Give every line from the entries that contains "open".
ENTRIES SUPPLIED Block Start
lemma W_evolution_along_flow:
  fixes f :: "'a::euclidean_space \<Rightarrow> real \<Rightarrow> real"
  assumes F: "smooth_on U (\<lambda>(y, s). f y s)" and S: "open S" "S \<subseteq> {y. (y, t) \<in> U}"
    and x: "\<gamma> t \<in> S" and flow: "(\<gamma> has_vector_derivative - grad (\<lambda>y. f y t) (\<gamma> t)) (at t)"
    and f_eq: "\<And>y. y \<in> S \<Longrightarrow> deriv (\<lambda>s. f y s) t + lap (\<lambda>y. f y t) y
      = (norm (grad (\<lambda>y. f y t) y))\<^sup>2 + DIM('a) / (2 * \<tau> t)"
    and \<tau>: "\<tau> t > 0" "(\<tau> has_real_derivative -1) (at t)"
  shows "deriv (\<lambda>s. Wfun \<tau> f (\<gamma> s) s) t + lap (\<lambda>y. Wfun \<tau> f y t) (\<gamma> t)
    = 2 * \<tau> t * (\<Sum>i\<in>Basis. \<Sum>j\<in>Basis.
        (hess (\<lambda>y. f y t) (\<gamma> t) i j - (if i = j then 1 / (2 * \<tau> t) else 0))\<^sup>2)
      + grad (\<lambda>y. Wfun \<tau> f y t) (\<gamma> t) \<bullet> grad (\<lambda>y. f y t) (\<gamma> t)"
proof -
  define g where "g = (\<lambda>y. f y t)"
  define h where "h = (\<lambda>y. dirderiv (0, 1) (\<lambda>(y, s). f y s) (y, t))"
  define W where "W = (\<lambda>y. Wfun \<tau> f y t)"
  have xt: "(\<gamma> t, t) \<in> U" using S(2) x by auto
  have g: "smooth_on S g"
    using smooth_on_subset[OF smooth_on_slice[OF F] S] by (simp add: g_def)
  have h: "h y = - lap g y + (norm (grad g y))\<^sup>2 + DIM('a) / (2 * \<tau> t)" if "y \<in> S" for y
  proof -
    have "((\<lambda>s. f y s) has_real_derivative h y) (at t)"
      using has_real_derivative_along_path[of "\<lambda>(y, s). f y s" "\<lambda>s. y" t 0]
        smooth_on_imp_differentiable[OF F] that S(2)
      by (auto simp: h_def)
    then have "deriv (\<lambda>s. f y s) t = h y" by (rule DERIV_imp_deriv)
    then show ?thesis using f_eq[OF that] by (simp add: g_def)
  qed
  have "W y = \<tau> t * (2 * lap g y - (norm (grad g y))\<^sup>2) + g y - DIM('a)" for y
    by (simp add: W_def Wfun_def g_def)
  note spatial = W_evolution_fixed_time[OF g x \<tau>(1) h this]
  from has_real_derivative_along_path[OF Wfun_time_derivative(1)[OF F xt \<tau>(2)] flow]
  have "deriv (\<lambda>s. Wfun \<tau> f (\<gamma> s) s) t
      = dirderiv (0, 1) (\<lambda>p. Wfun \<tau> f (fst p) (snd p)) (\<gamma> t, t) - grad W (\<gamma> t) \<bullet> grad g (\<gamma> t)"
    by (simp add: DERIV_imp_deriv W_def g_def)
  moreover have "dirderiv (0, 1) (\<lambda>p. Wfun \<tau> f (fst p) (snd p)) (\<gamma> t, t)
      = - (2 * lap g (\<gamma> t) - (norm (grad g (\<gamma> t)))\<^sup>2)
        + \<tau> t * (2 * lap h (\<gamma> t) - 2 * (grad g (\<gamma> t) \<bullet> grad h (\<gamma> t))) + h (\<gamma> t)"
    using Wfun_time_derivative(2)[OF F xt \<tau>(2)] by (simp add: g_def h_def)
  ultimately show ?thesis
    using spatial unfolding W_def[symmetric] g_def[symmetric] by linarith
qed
ENTRIES SUPPLIED Block End
ENTRIES SUPPLIED Block Start
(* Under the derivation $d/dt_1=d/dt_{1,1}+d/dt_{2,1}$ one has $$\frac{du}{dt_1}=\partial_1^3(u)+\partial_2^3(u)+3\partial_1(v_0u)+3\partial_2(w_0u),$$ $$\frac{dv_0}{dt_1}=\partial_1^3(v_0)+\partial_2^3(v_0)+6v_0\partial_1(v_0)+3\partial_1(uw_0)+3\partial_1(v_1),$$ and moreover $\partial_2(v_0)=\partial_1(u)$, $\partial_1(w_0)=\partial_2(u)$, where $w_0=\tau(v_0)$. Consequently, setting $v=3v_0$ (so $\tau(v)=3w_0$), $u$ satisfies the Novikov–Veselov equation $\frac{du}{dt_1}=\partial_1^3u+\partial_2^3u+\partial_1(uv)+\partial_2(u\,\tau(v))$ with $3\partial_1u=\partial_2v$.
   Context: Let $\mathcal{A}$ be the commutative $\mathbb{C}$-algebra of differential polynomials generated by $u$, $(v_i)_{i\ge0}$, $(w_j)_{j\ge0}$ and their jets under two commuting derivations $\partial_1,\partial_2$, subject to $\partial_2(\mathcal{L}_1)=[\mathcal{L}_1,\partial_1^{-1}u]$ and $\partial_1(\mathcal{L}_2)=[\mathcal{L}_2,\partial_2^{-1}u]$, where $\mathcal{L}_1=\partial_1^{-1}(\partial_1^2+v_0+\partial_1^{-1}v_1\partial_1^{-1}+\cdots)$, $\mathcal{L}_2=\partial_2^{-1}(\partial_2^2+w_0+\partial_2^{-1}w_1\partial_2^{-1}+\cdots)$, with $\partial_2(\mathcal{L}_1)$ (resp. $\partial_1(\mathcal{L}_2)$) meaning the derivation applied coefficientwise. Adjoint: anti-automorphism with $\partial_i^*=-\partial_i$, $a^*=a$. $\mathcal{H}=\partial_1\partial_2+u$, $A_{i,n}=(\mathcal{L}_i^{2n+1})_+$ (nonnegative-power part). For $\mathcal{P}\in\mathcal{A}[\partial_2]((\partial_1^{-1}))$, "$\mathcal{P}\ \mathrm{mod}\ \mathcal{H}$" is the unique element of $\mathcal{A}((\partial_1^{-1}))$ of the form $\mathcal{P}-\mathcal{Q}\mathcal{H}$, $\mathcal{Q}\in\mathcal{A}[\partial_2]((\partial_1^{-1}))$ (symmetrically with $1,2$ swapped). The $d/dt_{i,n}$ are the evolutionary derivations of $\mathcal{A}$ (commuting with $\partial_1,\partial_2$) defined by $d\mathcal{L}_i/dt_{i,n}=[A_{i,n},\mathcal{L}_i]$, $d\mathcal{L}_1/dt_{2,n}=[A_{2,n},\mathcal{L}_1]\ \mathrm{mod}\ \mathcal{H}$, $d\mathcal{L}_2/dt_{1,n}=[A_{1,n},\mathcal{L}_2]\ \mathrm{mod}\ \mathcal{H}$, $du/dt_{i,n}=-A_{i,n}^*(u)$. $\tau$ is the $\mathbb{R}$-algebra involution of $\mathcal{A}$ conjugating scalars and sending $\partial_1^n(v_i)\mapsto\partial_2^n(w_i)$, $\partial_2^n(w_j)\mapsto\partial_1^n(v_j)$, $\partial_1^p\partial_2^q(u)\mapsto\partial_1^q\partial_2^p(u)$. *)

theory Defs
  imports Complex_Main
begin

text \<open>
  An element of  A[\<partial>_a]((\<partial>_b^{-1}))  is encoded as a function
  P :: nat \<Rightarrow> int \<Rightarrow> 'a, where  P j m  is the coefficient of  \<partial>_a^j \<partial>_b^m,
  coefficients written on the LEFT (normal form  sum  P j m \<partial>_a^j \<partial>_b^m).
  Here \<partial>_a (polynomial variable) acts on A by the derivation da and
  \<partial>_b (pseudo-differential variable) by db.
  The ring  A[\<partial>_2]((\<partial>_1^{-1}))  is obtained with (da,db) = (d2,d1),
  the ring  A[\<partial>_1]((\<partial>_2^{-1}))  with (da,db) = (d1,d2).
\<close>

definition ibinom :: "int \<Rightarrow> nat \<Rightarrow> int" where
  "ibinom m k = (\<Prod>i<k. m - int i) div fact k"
ENTRIES SUPPLIED Block End
> **TASK SOLUTION**:
  assumes F: "smooth_on U (\<lambda>(y, s). f y s)" and S: "open S" "S \<subseteq> {y. (y, t) \<in> U}"
text \<open>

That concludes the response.